- Work instruction -
A word-for-word transcription of every record is needed.

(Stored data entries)
━━━
(* Suppose Assumption A and Assumption B (defined in the context) hold for the dynamic accuracy DFO algorithm described in the context, whose criticality parameter satisfies $\epsilon\in(0,1)$. Suppose $\|\nabla f(\theta^k)\|\ge\epsilon$ for all $k=0,\ldots,k_\epsilon$. Then for all $k\le k_\epsilon$, $$\Delta^k\ge\Delta_{\min}:=\gamma_{\rm dec}\min\left(\Delta^0,\frac{c_0\epsilon}{\kappa_{\rm eg}+1},\frac{\gamma_{\rm dec}\epsilon}{\kappa_{\rm eg}+1}\right)>0,$$ where $c_0:=\min\left(\frac{1-\eta_2-2\eta_1'}{4\kappa_{\rm ef}},\frac{1}{\kappa_H}\right)$.
   Context: Setting. Let $n,d\ge 1$ and $r=(r_1,\ldots,r_n):\mathbb{R}^d\to\mathbb{R}^n$, with objective $f(\theta)=\frac1n\|r(\theta)\|^2=\frac1n\sum_{i=1}^n r_i(\theta)^2$ (Euclidean norm). In the application, $r_i(\theta)=\|\hat x_i(\theta)-x_i\|$ where $\hat x_i(\theta)$ is the minimizer of a lower-level problem that can only be computed approximately. The algorithm never sees $r$ exactly: for any $\theta$ it can compute an approximation $\tilde r(\theta)$ (in the application $\tilde r_i(\theta)=\|\tilde x_i(\theta)-x_i\|$ with $\tilde x_i(\theta)$ an approximate minimizer whose error can be made as small as desired), and sets $\tilde f(\theta)=\frac1n\|\tilde r(\theta)\|^2$. We say $\tilde f(\theta)$ is evaluated with accuracy $\delta$ if $|\tilde f(\theta)-f(\theta)|\le\delta$. Models. At iteration $k$ the algorithm holds an iterate $\theta^k$, a radius $\Delta^k>0$ (here $\Delta^k$ denotes its value after the criticality and accuracy phases of iteration $k$), and interpolation points $z^0=\theta^k,z^1,\ldots,z^d\in\mathbb{R}^d$ with $z^1-\theta^k,\ldots,z^d-\theta^k$ linearly independent; $J^k\in\mathbb{R}^{n\times d}$ is the unique matrix with $\tilde r(\theta^k)+J^k(z^t-\theta^k)=\tilde r(z^t)$ for $t=1,\ldots,d$. Set $M^k(s)=\tilde r(\theta^k)+J^k s$ and $m^k(s)=\frac1n\|M^k(s)\|^2=\tilde f(\theta^k)+(g^k)^Ts+\frac12 s^TH^ks$ with $g^k=\frac2n (J^k)^T\tilde r(\theta^k)$, $H^k=\frac2n(J^k)^TJ^k$. Fixed constants $\kappa_{\rm ef},\kappa_{\rm eg}>0$ (independent of $k,\theta^k,\Delta^k$) are given, and $m^k$ is called fully linear in $B(\theta^k,\Delta^k)$ if $|f(\theta^k+s)-m^k(s)|\le\kappa_{\rm ef}(\Delta^k)^2$ and $\|\nabla f(\theta^k+s)-\nabla m^k(s)\|\le\kappa_{\rm eg}\Delta^k$ for all $\|s\|\le\Delta^k$. The algorithm has a procedure which, by replacing interpolation points, makes the model fully linear in a given ball. Algorithm. Parameters: $\Delta_{\max}>0$, $0<\gamma_{\rm dec}<1<\gamma_{\rm inc}$, $0<\eta_1\le\eta_2<1$, $0<\eta_1'<\min(\eta_1,1-\eta_2)/2$, $\epsilon>0$; inputs $\theta^0\in\mathbb{R}^d$, $0<\Delta^0\le\Delta_{\max}$. Build an initial model $m^0$ from an arbitrary interpolation set. For $k=0,1,2,\ldots$: (1) [accuracy phase] repeat: (a) except on the first pass, re-evaluate $\tilde f(\theta^k)$ with accuracy $\delta^k\le\eta_1'[m^k(0)-m^k(s^k)]$ using the $s^k$ from the previous pass; (b) [criticality phase] if $\|g^k\|\le\epsilon$, replace $\Delta^k$ by $\gamma_{\rm dec}^i\Delta^k$ for $i=0,1,2,\ldots$ (making the model fully linear in the current ball) until $m^k$ is fully linear in $B(\theta^k,\Delta^k)$ and $\Delta^k\le\|g^k\|$; (c) compute $s^k$ with $\|s^k\|\le\Delta^k$ approximately minimizing $m^k$ over that ball; until $\tilde f(\theta^k)$ has been evaluated with accuracy $\delta^k\le\eta_1'[m^k(0)-m^k(s^k)]$. (2) Evaluate $\tilde f(\theta^k+s^k)$ with accuracy $\delta^k_+\le\eta_1'[m^k(0)-m^k(s^k)]$ and set $\tilde\rho^k=\frac{\tilde f(\theta^k)-\tilde f(\theta^k+s^k)}{m^k(0)-m^k(s^k)}$. (3) Set $\theta^{k+1}=\theta^k+s^k$ if $\tilde\rho^k\ge\eta_2$, or if $\tilde\rho^k\ge\eta_1$ and $m^k$ is fully linear in $B(\theta^k,\Delta^k)$; otherwise $\theta^{k+1}=\theta^k$. Set $\Delta^{k+1}=\min(\gamma_{\rm inc}\Delta^k,\Delta_{\max})$ if $\tilde\rho^k\ge\eta_2$; $\Delta^{k+1}=\Delta^k$ if $\tilde\rho^k<\eta_2$ and $m^k$ is not fully linear in $B(\theta^k,\Delta^k)$; $\Delta^{k+1}=\gamma_{\rm dec}\Delta^k$ otherwise. (4) If $\theta^{k+1}=\theta^k+s^k$, form $m^{k+1}$ by adding $\theta^{k+1}$ to the interpolation set (removing an existing point); otherwise set $m^{k+1}=m^k$ if $m^k$ is fully linear in $B(\theta^k,\Delta^k)$, else form $m^{k+1}$ by making $m^k$ fully linear in $B(\theta^{k+1},\Delta^{k+1})$. Assumption A: the set $\mathcal{B}=\{z: \|z-\theta\|\le\Delta_{\max}\text{ for some }\theta\text{ with }f(\theta)\le f(\theta^0)\}$ is bounded, and $r$ is continuously differentiable on $\mathcal{B}$ with $\partial r$ Lipschitz continuous with constant $L_J$ on $\mathcal{B}$. Assumption B: for all $k$, $m^k(0)-m^k(s^k)\ge\frac12\|g^k\|\min\left(\Delta^k,\frac{\|g^k\|}{\|H^k\|+1}\right)$, and there is $\kappa_H\ge1$ with $\|H^k\|+1\le\kappa_H$ for all $k$. *)

theory Defs
  imports "HOL-Analysis.Analysis"
begin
━━━
- Task output -
(* Suppose Assumption A and Assumption B (defined in the context) hold for the dynamic accuracy DFO algorithm described in the context, whose criticality parameter satisfies $\epsilon\in(0,1)$. Suppose $\|\nabla f(\theta^k)\|\ge\epsilon$ for all $k=0,\ldots,k_\epsilon$. Then for all $k\le k_\epsilon$, $$\Delta^k\ge\Delta_{\min}:=\gamma_{\rm dec}\min\left(\Delta^0,\frac{c_0\epsilon}{\kappa_{\rm eg}+1},\frac{\gamma_{\rm dec}\epsilon}{\kappa_{\rm eg}+1}\right)>0,$$ where $c_0:=\min\left(\frac{1-\eta_2-2\eta_1'}{4\kappa_{\rm ef}},\frac{1}{\kappa_H}\right)$.
   Context: Setting. Let $n,d\ge 1$ and $r=(r_1,\ldots,r_n):\mathbb{R}^d\to\mathbb{R}^n$, with objective $f(\theta)=\frac1n\|r(\theta)\|^2=\frac1n\sum_{i=1}^n r_i(\theta)^2$ (Euclidean norm). In the application, $r_i(\theta)=\|\hat x_i(\theta)-x_i\|$ where $\hat x_i(\theta)$ is the minimizer of a lower-level problem that can only be computed approximately. The algorithm never sees $r$ exactly: for any $\theta$ it can compute an approximation $\tilde r(\theta)$ (in the application $\tilde r_i(\theta)=\|\tilde x_i(\theta)-x_i\|$ with $\tilde x_i(\theta)$ an approximate minimizer whose error can be made as small as desired), and sets $\tilde f(\theta)=\frac1n\|\tilde r(\theta)\|^2$. We say $\tilde f(\theta)$ is evaluated with accuracy $\delta$ if $|\tilde f(\theta)-f(\theta)|\le\delta$. Models. At iteration $k$ the algorithm holds an iterate $\theta^k$, a radius $\Delta^k>0$ (here $\Delta^k$ denotes its value after the criticality and accuracy phases of iteration $k$), and interpolation points $z^0=\theta^k,z^1,\ldots,z^d\in\mathbb{R}^d$ with $z^1-\theta^k,\ldots,z^d-\theta^k$ linearly independent; $J^k\in\mathbb{R}^{n\times d}$ is the unique matrix with $\tilde r(\theta^k)+J^k(z^t-\theta^k)=\tilde r(z^t)$ for $t=1,\ldots,d$. Set $M^k(s)=\tilde r(\theta^k)+J^k s$ and $m^k(s)=\frac1n\|M^k(s)\|^2=\tilde f(\theta^k)+(g^k)^Ts+\frac12 s^TH^ks$ with $g^k=\frac2n (J^k)^T\tilde r(\theta^k)$, $H^k=\frac2n(J^k)^TJ^k$. Fixed constants $\kappa_{\rm ef},\kappa_{\rm eg}>0$ (independent of $k,\theta^k,\Delta^k$) are given, and $m^k$ is called fully linear in $B(\theta^k,\Delta^k)$ if $|f(\theta^k+s)-m^k(s)|\le\kappa_{\rm ef}(\Delta^k)^2$ and $\|\nabla f(\theta^k+s)-\nabla m^k(s)\|\le\kappa_{\rm eg}\Delta^k$ for all $\|s\|\le\Delta^k$. The algorithm has a procedure which, by replacing interpolation points, makes the model fully linear in a given ball. Algorithm. Parameters: $\Delta_{\max}>0$, $0<\gamma_{\rm dec}<1<\gamma_{\rm inc}$, $0<\eta_1\le\eta_2<1$, $0<\eta_1'<\min(\eta_1,1-\eta_2)/2$, $\epsilon>0$; inputs $\theta^0\in\mathbb{R}^d$, $0<\Delta^0\le\Delta_{\max}$. Build an initial model $m^0$ from an arbitrary interpolation set. For $k=0,1,2,\ldots$: (1) [accuracy phase] repeat: (a) except on the first pass, re-evaluate $\tilde f(\theta^k)$ with accuracy $\delta^k\le\eta_1'[m^k(0)-m^k(s^k)]$ using the $s^k$ from the previous pass; (b) [criticality phase] if $\|g^k\|\le\epsilon$, replace $\Delta^k$ by $\gamma_{\rm dec}^i\Delta^k$ for $i=0,1,2,\ldots$ (making the model fully linear in the current ball) until $m^k$ is fully linear in $B(\theta^k,\Delta^k)$ and $\Delta^k\le\|g^k\|$; (c) compute $s^k$ with $\|s^k\|\le\Delta^k$ approximately minimizing $m^k$ over that ball; until $\tilde f(\theta^k)$ has been evaluated with accuracy $\delta^k\le\eta_1'[m^k(0)-m^k(s^k)]$. (2) Evaluate $\tilde f(\theta^k+s^k)$ with accuracy $\delta^k_+\le\eta_1'[m^k(0)-m^k(s^k)]$ and set $\tilde\rho^k=\frac{\tilde f(\theta^k)-\tilde f(\theta^k+s^k)}{m^k(0)-m^k(s^k)}$. (3) Set $\theta^{k+1}=\theta^k+s^k$ if $\tilde\rho^k\ge\eta_2$, or if $\tilde\rho^k\ge\eta_1$ and $m^k$ is fully linear in $B(\theta^k,\Delta^k)$; otherwise $\theta^{k+1}=\theta^k$. Set $\Delta^{k+1}=\min(\gamma_{\rm inc}\Delta^k,\Delta_{\max})$ if $\tilde\rho^k\ge\eta_2$; $\Delta^{k+1}=\Delta^k$ if $\tilde\rho^k<\eta_2$ and $m^k$ is not fully linear in $B(\theta^k,\Delta^k)$; $\Delta^{k+1}=\gamma_{\rm dec}\Delta^k$ otherwise. (4) If $\theta^{k+1}=\theta^k+s^k$, form $m^{k+1}$ by adding $\theta^{k+1}$ to the interpolation set (removing an existing point); otherwise set $m^{k+1}=m^k$ if $m^k$ is fully linear in $B(\theta^k,\Delta^k)$, else form $m^{k+1}$ by making $m^k$ fully linear in $B(\theta^{k+1},\Delta^{k+1})$. Assumption A: the set $\mathcal{B}=\{z: \|z-\theta\|\le\Delta_{\max}\text{ for some }\theta\text{ with }f(\theta)\le f(\theta^0)\}$ is bounded, and $r$ is continuously differentiable on $\mathcal{B}$ with $\partial r$ Lipschitz continuous with constant $L_J$ on $\mathcal{B}$. Assumption B: for all $k$, $m^k(0)-m^k(s^k)\ge\frac12\|g^k\|\min\left(\Delta^k,\frac{\|g^k\|}{\|H^k\|+1}\right)$, and there is $\kappa_H\ge1$ with $\|H^k\|+1\le\kappa_H$ for all $k$. *)

theory Defs
  imports "HOL-Analysis.Analysis"
begin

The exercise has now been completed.